Now it looks like the buyers finally are gaining the upper hand. Gold
futures rose $43.10 to $791.70 an ounce in New York today, the highest
price since Oct. 16.
The World Gold Council reported this week that net retail investment
demand for gold (such as for coins and bars) jumped 121% in the third
quarter ended Sept. 30 from a year earlier, to 232 tons.
With concerns about the global economy worsening, "What you’re seeing
is people moving into gold as part of the 'flight to quality,' " said Stephen
Platt, a commodities analyst at Archer Financial Services in Chicago.
"We’re selling everything we can pull in," said Ken Edwards, a partner
at gold dealer California Numismatics in Inglewood. Despite the battering
in the gold futures market in recent months, demand for physical gold,
such as coins, "has been completely one way," he said. If anything,
lower prices have fueled more demand, he said.
Many buyers, Edwards said, are figuring that global governments’
unprecedented efforts to pump money into the financial system will
inevitably lead to higher inflation down the road -- even if the immediate
concern of central bankers is deflationary pressures as consumer
spending slumps.
"What I hear from [investors] is that they think deflation is a short-term
issue," Edwards said.
Gold futures hit a record high of $1,004 an ounce in March, then began to
tumble as the dollar rallied. This time around, gold is gaining even though
the dollar remains strong.
http://latimesblogs.latimes.com/money_co/2008/11/for-months-the.html |
I love this reader comment to
the above LA Times report:
| Quote: | Gold isn't under pressure on the Comex just because hedge funds are
desperately selling anything and everything to get their hands on
enough cash to satisfy redemptions. The selling pressure is at least
equally coming from the concerted efforts of the bullion banks, and
other "interested parties" in New York, carrying water for the US
Treasury and the Fed in an attempt to supress the price of gold.

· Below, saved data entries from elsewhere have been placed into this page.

(* Let $K\subset M$ be closed subsets of $\mathbb{R}^2$. Then the following conditions are equivalent: (i) $M=K\cup C$, where $C$ is the union of a system of components of $\mathbb{R}^2\setminus K$; (ii) $\partial M\subset\partial K$. Moreover, if these conditions hold and $K\in\mathcal{D}_2$, then $M\in\mathcal{D}_2$.
   Context: A function on an open convex set $C\subset\mathbb{R}^d$ is DC if it is the difference of two convex functions on $C$. $\mathcal{D}_2$ denotes the family consisting of $\varnothing$ together with all nonempty closed sets $A\subset\mathbb{R}^2$ whose distance function $d_A=\operatorname{dist}(\cdot,A)$ is DC on $\mathbb{R}^2$. *)

theory Defs
  imports "HOL-Analysis.Analysis"
begin

definition DC_on :: "'a::real_vector set \<Rightarrow> ('a \<Rightarrow> real) \<Rightarrow> bool" where
  "DC_on C f \<longleftrightarrow> (\<exists>g h. convex_on C g \<and> convex_on C h \<and> (\<forall>x\<in>C. f x = g x - h x))"

definition D2 :: "(real^2) set set" where
  "D2 = {{}} \<union> {A. A \<noteq> {} \<and> closed A \<and> DC_on UNIV (\<lambda>x. infdist x A)}"

end

theory Submission
  imports Defs
begin

text \<open>
  The components of the open set \<open>-K\<close> are open, so a union \<open>K \<union> \<Union>S\<close> of components has
  its frontier inside \<open>K\<close>; conversely, a component meeting \<open>M\<close> without lying in \<open>M\<close> would
  cross \<open>frontier M \<subseteq> K\<close>.  For the DC property put \<open>U = M - K\<close>, an open set with frontier
  in \<open>K\<close>.  Off \<open>M\<close> the distances to \<open>M\<close> and to \<open>K\<close> agree, since a segment from outside
  \<open>M\<close> to a point of \<open>M\<close> crosses \<open>frontier M \<subseteq> K\<close>; on \<open>M\<close> the distance to \<open>M\<close> vanishes.
  Hence if \<open>d\<^sub>K = g - h\<close> then \<open>d\<^sub>M = \<psi> - h\<close>, where \<open>\<psi>\<close> is \<open>h\<close> on \<open>U\<close> and \<open>g\<close> elsewhere;
  \<open>\<psi>\<close> is convex because \<open>h \<le> g\<close> with equality on \<open>frontier U\<close>.
\<close>

lemma convex_on_glue_exit_point:
  fixes g h :: "'a::real_normed_vector \<Rightarrow> real"
  assumes h: "convex_on UNIV h"
    and hg: "\<And>x. h x \<le> g x" and U: "open U"
    and fr: "\<And>x. x \<in> frontier U \<Longrightarrow> g x = h x"
    and t: "0 \<le> t" "t \<le> 1" and z_notin: "(1 - t) *\<^sub>R a + t *\<^sub>R b \<notin> U"
  defines "\<psi> \<equiv> (\<lambda>x. if x \<in> U then h x else g x)"
  shows "\<exists>s. 0 \<le> s \<and> s \<le> t \<and> (1 - s) *\<^sub>R a + s *\<^sub>R b \<notin> U \<and>
           \<psi> ((1 - s) *\<^sub>R a + s *\<^sub>R b) \<le> (1 - s) * \<psi> a + s * \<psi> b"
proof (cases "a \<in> U")
  case False
  then show ?thesis by (intro exI[of _ 0]) (auto simp: t)
next
  case True
  let ?z = "(1 - t) *\<^sub>R a + t *\<^sub>R b"
  have "closed_segment a ?z \<inter> frontier U \<noteq> {}"
    by (rule connected_Int_frontier) (use True z_notin in auto)
  then obtain p where p: "p \<in> closed_segment a ?z" "p \<in> frontier U" by blast
  then obtain u where u: "0 \<le> u" "u \<le> 1" "p = (1 - u) *\<^sub>R a + u *\<^sub>R ?z"
    unfolding closed_segment_def by blast
  have p_eq: "p = (1 - u * t) *\<^sub>R a + (u * t) *\<^sub>R b"
    using u(3) by (simp add: algebra_simps)
  have p_notin: "p \<notin> U" using p(2) U by (simp add: frontier_def interior_open)
  have ut: "0 \<le> u * t" "u * t \<le> t" using u t by (auto simp: mult_left_le_one_le)
  have "\<psi> p = h p" using p_notin fr[OF p(2)] by (simp add: \<psi>_def)
  also have "\<dots> \<le> (1 - u * t) * h a + (u * t) * h b"
    unfolding p_eq by (rule convex_onD[OF h]) (use ut t in auto)
  also have "\<dots> \<le> (1 - u * t) * \<psi> a + (u * t) * \<psi> b"
    using ut t hg by (intro add_mono mult_left_mono) (auto simp: \<psi>_def)
  finally show ?thesis using p_notin ut p_eq by (intro exI[of _ "u * t"]) auto
qed

lemma convex_on_glue_open:
  fixes g h :: "'a::real_normed_vector \<Rightarrow> real"
  assumes g: "convex_on UNIV g" and h: "convex_on UNIV h"
    and hg: "\<And>x. h x \<le> g x" and U: "open U"
    and fr: "\<And>x. x \<in> frontier U \<Longrightarrow> g x = h x"
  shows "convex_on UNIV (\<lambda>x. if x \<in> U then h x else g x)"
proof (rule convex_onI)
  fix t :: real and a b :: 'a
  assume t: "0 < t" "t < 1"
  define \<psi> where "\<psi> = (\<lambda>x. if x \<in> U then h x else g x)"
  have h_le: "h x \<le> \<psi> x" for x using hg by (simp add: \<psi>_def)
  let ?z = "(1 - t) *\<^sub>R a + t *\<^sub>R b"
  show "\<psi> ?z \<le> (1 - t) * \<psi> a + t * \<psi> b"
  proof (cases "?z \<in> U")
    case True
    have "\<psi> ?z = h ?z" using True by (simp add: \<psi>_def)
    also have "\<dots> \<le> (1 - t) * h a + t * h b"
      by (rule convex_onD[OF h]) (use t in auto)
    also have "\<dots> \<le> (1 - t) * \<psi> a + t * \<psi> b"
      using t h_le by (intro add_mono mult_left_mono) auto
    finally show ?thesis .
  next
    case False
    txt \<open>Leave \<open>U\<close> from both ends of the segment towards \<open>?z\<close>; between the two exit points
      \<open>\<psi>\<close> is bounded by the convex function \<open>g\<close>.\<close>
    obtain s where s: "0 \<le> s" "s \<le> t" "(1 - s) *\<^sub>R a + s *\<^sub>R b \<notin> U"
      "\<psi> ((1 - s) *\<^sub>R a + s *\<^sub>R b) \<le> (1 - s) * \<psi> a + s * \<psi> b"
      using convex_on_glue_exit_point[OF h hg U fr, of t a b] t False
      unfolding \<psi>_def by auto
    obtain r where r: "0 \<le> r" "r \<le> 1 - t" "(1 - r) *\<^sub>R b + r *\<^sub>R a \<notin> U"
      "\<psi> ((1 - r) *\<^sub>R b + r *\<^sub>R a) \<le> (1 - r) * \<psi> b + r * \<psi> a"
      using convex_on_glue_exit_point[OF h hg U fr, of "1 - t" b a] t False
      unfolding \<psi>_def by (auto simp: add.commute)
    define s' where "s' = 1 - r"
    have s': "t \<le> s'" "s' \<le> 1" "(1 - s') *\<^sub>R a + s' *\<^sub>R b \<notin> U"
      "\<psi> ((1 - s') *\<^sub>R a + s' *\<^sub>R b) \<le> (1 - s') * \<psi> a + s' * \<psi> b"
      using r by (auto simp: s'_def add.commute algebra_simps)
    define x where "x = (1 - s) *\<^sub>R a + s *\<^sub>R b"
    define x' where "x' = (1 - s') *\<^sub>R a + s' *\<^sub>R b"
    have gx: "g x \<le> (1 - s) * \<psi> a + s * \<psi> b"
      using s(3,4) by (simp add: \<psi>_def x_def)
    have gx': "g x' \<le> (1 - s') * \<psi> a + s' * \<psi> b"
      using s'(3,4) by (simp add: \<psi>_def x'_def)
    have \<psi>z: "\<psi> ?z = g ?z" using False by (simp add: \<psi>_def)
    show ?thesis
    proof (cases "s = s'")
      case True
      then have "s = t" using s s' by auto
      then show ?thesis using \<psi>z gx by (simp add: x_def)
    next
      case False
      then have "s < s'" using s s' by auto
      define l where "l = (t - s) / (s' - s)"
      have l: "0 \<le> l" "l \<le> 1" using \<open>s < s'\<close> s s' by (auto simp: l_def field_simps)
      have "l * (s' - s) = t - s" using \<open>s < s'\<close> by (simp add: l_def)
      then have t_eq: "t = (1 - l) * s + l * s'" by (simp add: algebra_simps)
      have z_eq: "?z = (1 - l) *\<^sub>R x + l *\<^sub>R x'"
        unfolding x_def x'_def t_eq by (simp add: algebra_simps)
      have "g ?z \<le> (1 - l) * g x + l * g x'"
        unfolding z_eq by (rule convex_onD[OF g]) (use l in auto)
      also have "\<dots> \<le> (1 - l) * ((1 - s) * \<psi> a + s * \<psi> b) + l * ((1 - s') * \<psi> a + s' * \<psi> b)"
        using l gx gx' by (intro add_mono mult_left_mono) auto
      also have "\<dots> = (1 - t) * \<psi> a + t * \<psi> b"
        unfolding t_eq by (simp add: algebra_simps)
      finally show ?thesis using \<psi>z by simp
    qed
  qed
qed auto

lemma closed_Un_Union_components:
  fixes K :: "'a::real_normed_vector set"
  assumes "closed K" and "S \<subseteq> components (- K)"
  shows "closed (K \<union> \<Union>S)"
proof -
  have "- (K \<union> \<Union>S) = \<Union>(components (- K) - S)"
  proof
    show "- (K \<union> \<Union>S) \<subseteq> \<Union>(components (- K) - S)"
      using Union_components[of "- K"] by blast
    show "\<Union>(components (- K) - S) \<subseteq> - (K \<union> \<Union>S)"
      using assms(2) components_nonoverlap[of _ "- K"] in_components_subset[of _ "- K"] by blast
  qed
  moreover have "open (\<Union>(components (- K) - S))"
    using assms(1) open_components[of "- K"] by (intro open_Union) (auto simp: open_Compl)
  ultimately show ?thesis by (simp add: closed_def)
qed

lemma frontier_Un_Union_components_subset:
  fixes K :: "'a::real_normed_vector set"
  assumes "closed K" and "S \<subseteq> components (- K)"
  shows "frontier (K \<union> \<Union>S) \<subseteq> frontier K"
proof
  fix x assume x: "x \<in> frontier (K \<union> \<Union>S)"
  then have x_notin: "x \<notin> interior (K \<union> \<Union>S)" by (simp add: frontier_def)
  have "x \<in> K \<union> \<Union>S"
    using frontier_subset_closed[OF closed_Un_Union_components[OF assms]] x by (rule subsetD)
  moreover have "x \<notin> C" if "C \<in> S" for C
  proof
    assume "x \<in> C"
    have "open C" using that assms open_components[of "- K" C] by (auto simp: open_Compl)
    moreover have "C \<subseteq> K \<union> \<Union>S" using that by blast
    ultimately have "C \<subseteq> interior (K \<union> \<Union>S)" by (intro interior_maximal)
    then have "x \<in> interior (K \<union> \<Union>S)" using \<open>x \<in> C\<close> ..
    with x_notin show False ..
  qed
  ultimately have "x \<in> K" by blast
  moreover have "x \<notin> interior K" using x_notin interior_mono[of K "K \<union> \<Union>S"] by blast
  ultimately show "x \<in> frontier K" using closure_subset[of K] by (auto simp: frontier_def)
qed

lemma eq_Un_components_meeting:
  assumes "K \<subseteq> M" and "frontier M \<subseteq> K"
  shows "M = K \<union> \<Union>{C \<in> components (- K). C \<inter> M \<noteq> {}}"
proof
  show "M \<subseteq> K \<union> \<Union>{C \<in> components (- K). C \<inter> M \<noteq> {}}"
    using Union_components[of "- K"] by blast
  have "C \<subseteq> M" if C: "C \<in> components (- K)" "C \<inter> M \<noteq> {}" for C
  proof (rule ccontr)
    assume "\<not> C \<subseteq> M"
    then obtain y where "y \<in> C" "y \<in> frontier M"
      using connected_Int_frontier[OF in_components_connected[OF C(1)] C(2)] by blast
    then show False using assms(2) in_components_subset[OF C(1)] by blast
  qed
  then show "K \<union> \<Union>{C \<in> components (- K). C \<inter> M \<noteq> {}} \<subseteq> M" using assms(1) by blast
qed

lemma infdist_eq_if_frontier_subset:
  fixes x :: "'a::real_normed_vector"
  assumes "K \<subseteq> M" and "K \<noteq> {}" and "frontier M \<subseteq> K" and "x \<notin> M"
  shows "infdist x M = infdist x K"
proof (rule antisym)
  show "infdist x M \<le> infdist x K" using assms(1,2) by (rule infdist_mono)
  have "infdist x K \<le> dist x y" if y: "y \<in> M" for y
  proof -
    obtain w where w: "w \<in> closed_segment x y" "w \<in> frontier M"
      using connected_Int_frontier[of "closed_segment x y" M] assms(4) y by auto
    then have "infdist x K \<le> dist x w" using assms(3) by (intro infdist_le) blast
    also have "\<dots> \<le> dist x y" using segment_bound1[OF w(1)] by (simp add: dist_norm norm_minus_commute)
    finally show ?thesis .
  qed
  moreover have "M \<noteq> {}" using assms(1,2) by blast
  ultimately show "infdist x K \<le> infdist x M"
    unfolding infdist_notempty[OF \<open>M \<noteq> {}\<close>] by (intro cINF_greatest) auto
qed

lemma DC_on_infdist_if_frontier_subset:
  fixes K M :: "'a::real_normed_vector set"
  assumes "closed K" and "closed M" and "K \<subseteq> M" and "K \<noteq> {}" and "frontier M \<subseteq> K"
    and "DC_on UNIV (\<lambda>x. infdist x K)"
  shows "DC_on UNIV (\<lambda>x. infdist x M)"
proof -
  obtain g h where g: "convex_on UNIV g" and h: "convex_on UNIV h"
    and gh: "\<And>x. infdist x K = g x - h x"
    using assms(6) unfolding DC_on_def by auto
  define U where "U = M - K"
  have "U = interior M - K"
    using assms(2,5) interior_subset[of M] by (auto simp: U_def frontier_def)
  then have "open U" using assms(1) by (simp add: open_Diff)
  moreover have "closure U \<subseteq> M" unfolding U_def using assms(2) by (simp add: closure_minimal)
  ultimately have frontier_U: "frontier U \<subseteq> K" by (auto simp: frontier_def interior_open U_def)
  have hg: "h x \<le> g x" for x using gh[of x] infdist_nonneg[of x K] by simp
  have "g x = h x" if "x \<in> frontier U" for x
    using gh[of x] frontier_U that by auto
  then have "convex_on UNIV (\<lambda>x. if x \<in> U then h x else g x)"
    by (rule convex_on_glue_open[OF g h hg \<open>open U\<close>])
  moreover have "infdist x M = (if x \<in> U then h x else g x) - h x" for x
  proof (cases "x \<in> M")
    case True
    then show ?thesis using gh[of x] by (auto simp: U_def)
  next
    case False
    then show ?thesis
      using gh[of x] infdist_eq_if_frontier_subset[OF assms(3-5) False] by (simp add: U_def)
  qed
  ultimately show ?thesis unfolding DC_on_def using h by blast
qed

theorem lemma4p14:
  fixes K M :: "(real^2) set"
  assumes "closed K" and "closed M" and "K \<subseteq> M"
  shows "((\<exists>S. S \<subseteq> components (- K) \<and> M = K \<union> \<Union>S) \<longleftrightarrow> frontier M \<subseteq> frontier K)
         \<and> ((\<exists>S. S \<subseteq> components (- K) \<and> M = K \<union> \<Union>S) \<and> frontier M \<subseteq> frontier K
              \<and> K \<in> D2 \<longrightarrow> M \<in> D2)"
proof -
  have "frontier K \<subseteq> K" using assms(1) by (rule frontier_subset_closed)
  have "\<exists>S. S \<subseteq> components (- K) \<and> M = K \<union> \<Union>S" if "frontier M \<subseteq> frontier K"
  proof -
    have "frontier M \<subseteq> K" using that \<open>frontier K \<subseteq> K\<close> by blast
    then show ?thesis
      using eq_Un_components_meeting[OF assms(3)]
      by (intro exI[of _ "{C \<in> components (- K). C \<inter> M \<noteq> {}}"]) auto
  qed
  moreover have "M \<in> D2" if "frontier M \<subseteq> frontier K" and "K \<in> D2"
  proof (cases "K = {}")
    case True
    then have "M = {} \<or> M = UNIV" using that(1) frontier_eq_empty by auto
    then show ?thesis
      by (auto simp: D2_def DC_on_def convex_on_const intro!: exI[of _ "\<lambda>x. 0"])
  next
    case False
    then show ?thesis
      using that assms DC_on_infdist_if_frontier_subset[of K M] \<open>frontier K \<subseteq> K\<close>
      by (auto simp: D2_def)
  qed
  ultimately show ?thesis using frontier_Un_Union_components_subset[OF assms(1)] by blast
qed

end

Their intention in doing so is to prevent a "flight to quality" by those
who understand that the US$ is, most assuredly, NOT a safe haven
currency. There is no such thing in the universe of fiat currencies.
While the US$ may, for the moment, trade at a premium to most
other paper currencies, that means nothing when paper currencies
are compared to something of innate value, such as gold.
Those who understand the game being played at the Comex will
take advantage of the golden opportunity (no pun intended) that
presently exists. That is, they will take delivery of physical gold at the
Comex, and either keep it, or sell it into the huge demand for physical
that exists everywhere BUT the Comex.
Such an arbitrage opportunity is too lucrative to remain unexploited.
TaoJones |
Gold Stocks are moving up too:
| Quote: | Canada Stocks Rally, Pare Week’s Drop, as Barrick Gold Surges
By John Kipphoff
Nov. 21 (Bloomberg) -- Canadian stocks rose, rebounding from the worst
selloff since 1987, as mining and energy companies climbed with gold and
oil prices and slower-than- forecast inflation boosted the chance of lower
borrowing costs. Barrick Gold Corp. rose a record 30 percent as gold
prices surged, capping their best weekly gain since September..... |
And the gold link to commodities is breaking down:
| Quote: | Gold and Oil Part Ways
by David Gaffen - November 21, 2008
Gold and oil have diverged in the last few days. The harsh,
uncompromising selling has engulfed most assets this week,
including stocks, commercial mortgage-backed securities, oil,
and grains. But somebody forgot to tell the gold market.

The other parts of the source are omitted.